Reason is perhaps best known for his role as stalwart, heroic scientist Dr. Cal Meacham in the science fiction movie This Island Earth (1955). Reason co-starred as sympathetic scientist Dr. Tom Morgan in the third—and final—installment of Universal International Pictures' Creature from the Black Lagoon horror film series in The Creature Walks Among Us (1956). He also appeared opposite Clark Gable and Sidney Poitier in Band of Angels (1957) for Warner Bros. He appeared in Badlands of Montana (1957) as an opponent of a corrupt Mayor played by John M. Pickard. In the story line, Pickard administers ten lashes with a whip to Reason's back.

Reason starred as newspapermen in two television series. The first of those was a syndicated western, Man Without a Gun (1957–1959), in the role of Adam MacLean, editor of the Yellowstone Sentinel newspaper in Dakota Territory. The second was the ABC/Warner Bros. Television drama, The Roaring Twenties (1960–1962), a crime drama in the role of Scott Norris, reporter for the fictitious New York Record.

He appeared as a guest on an NBC interview program, Here's Hollywood in 1961, and guest-starred on a number of other television series. In Perry Mason he played the role of defendant Steve Brock in the episode, "The Case of the Ancient Romeo" (1962) opposite Jeff Morrow, who had starred with him in This Island Earth. His final television appearance was in an episode of Wagon Train broadcast in 1963. He was also featured in episodes of Bourbon Street Beat, 77 Sunset Strip, and The Alaskans.
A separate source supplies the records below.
(* Let $G=K_n$ with $n\geq 3$, let $g:A\to B$ be a function with $I=g(A)$ and $s=|I|$ satisfying $2<s<n$. If $|g^{-1}(v)|=\frac{n}{s}$ for every $v\in I$, then $fix(F_G)=2(n-s)-1$.
   Context: A set $S\subseteq V(H)$ is a fixing set of a graph $H$ if the only automorphism of $H$ fixing every vertex of $S$ is the identity; $fix(H)$ is the minimum cardinality of a fixing set of $H$. Functigraph: let $G_1,G_2$ be disjoint copies of a connected graph $G$, with $A=V(G_1)$, $B=V(G_2)$, and let $g:A\to B$ be a function. The functigraph $F_G$ has vertex set $A\cup B$ and edge set $E(G_1)\cup E(G_2)\cup\{ug(u):u\in A\}$. *)

theory Defs
  imports Complex_Main
begin

text \<open>A (simple, undirected) graph is given by a vertex set V and an adjacency
relation E (assumed symmetric and irreflexive where it matters).\<close>

definition is_automorphism :: "'v set \<Rightarrow> ('v \<Rightarrow> 'v \<Rightarrow> bool) \<Rightarrow> ('v \<Rightarrow> 'v) \<Rightarrow> bool" where
  "is_automorphism V E \<sigma> \<longleftrightarrow>
     bij_betw \<sigma> V V \<and> (\<forall>x\<in>V. \<forall>y\<in>V. E x y \<longleftrightarrow> E (\<sigma> x) (\<sigma> y))"

definition is_fixing_set :: "'v set \<Rightarrow> ('v \<Rightarrow> 'v \<Rightarrow> bool) \<Rightarrow> 'v set \<Rightarrow> bool" where
  "is_fixing_set V E S \<longleftrightarrow> S \<subseteq> V \<and>
     (\<forall>\<sigma>. is_automorphism V E \<sigma> \<and> (\<forall>x\<in>S. \<sigma> x = x) \<longrightarrow> (\<forall>x\<in>V. \<sigma> x = x))"

definition fix_num :: "'v set \<Rightarrow> ('v \<Rightarrow> 'v \<Rightarrow> bool) \<Rightarrow> nat" where
  "fix_num V E = (LEAST k. \<exists>S. is_fixing_set V E S \<and> card S = k)"

definition complete_adj :: "'a \<Rightarrow> 'a \<Rightarrow> bool" where
  "complete_adj u v \<longleftrightarrow> u \<noteq> v"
Reason walked out on his film contract with Warner Bros. in the fall of 1961 when he was being considered for a starring role in John Frankenheimer's The Manchurian Candidate (1962). The film began as a project at Warners, but was completed as an independent film and released by United Artists. Laurence Harvey was cast in the role instead.

After his film and television acting career ended, he worked as a real estate broker and had a second career as a voiceover actor. During his later years, Reason was in retirement and living in Walnut, California, with his third wife, Shirley.

==Death==

Reason died in Walnut, California, from bladder cancer on November 19, 2015.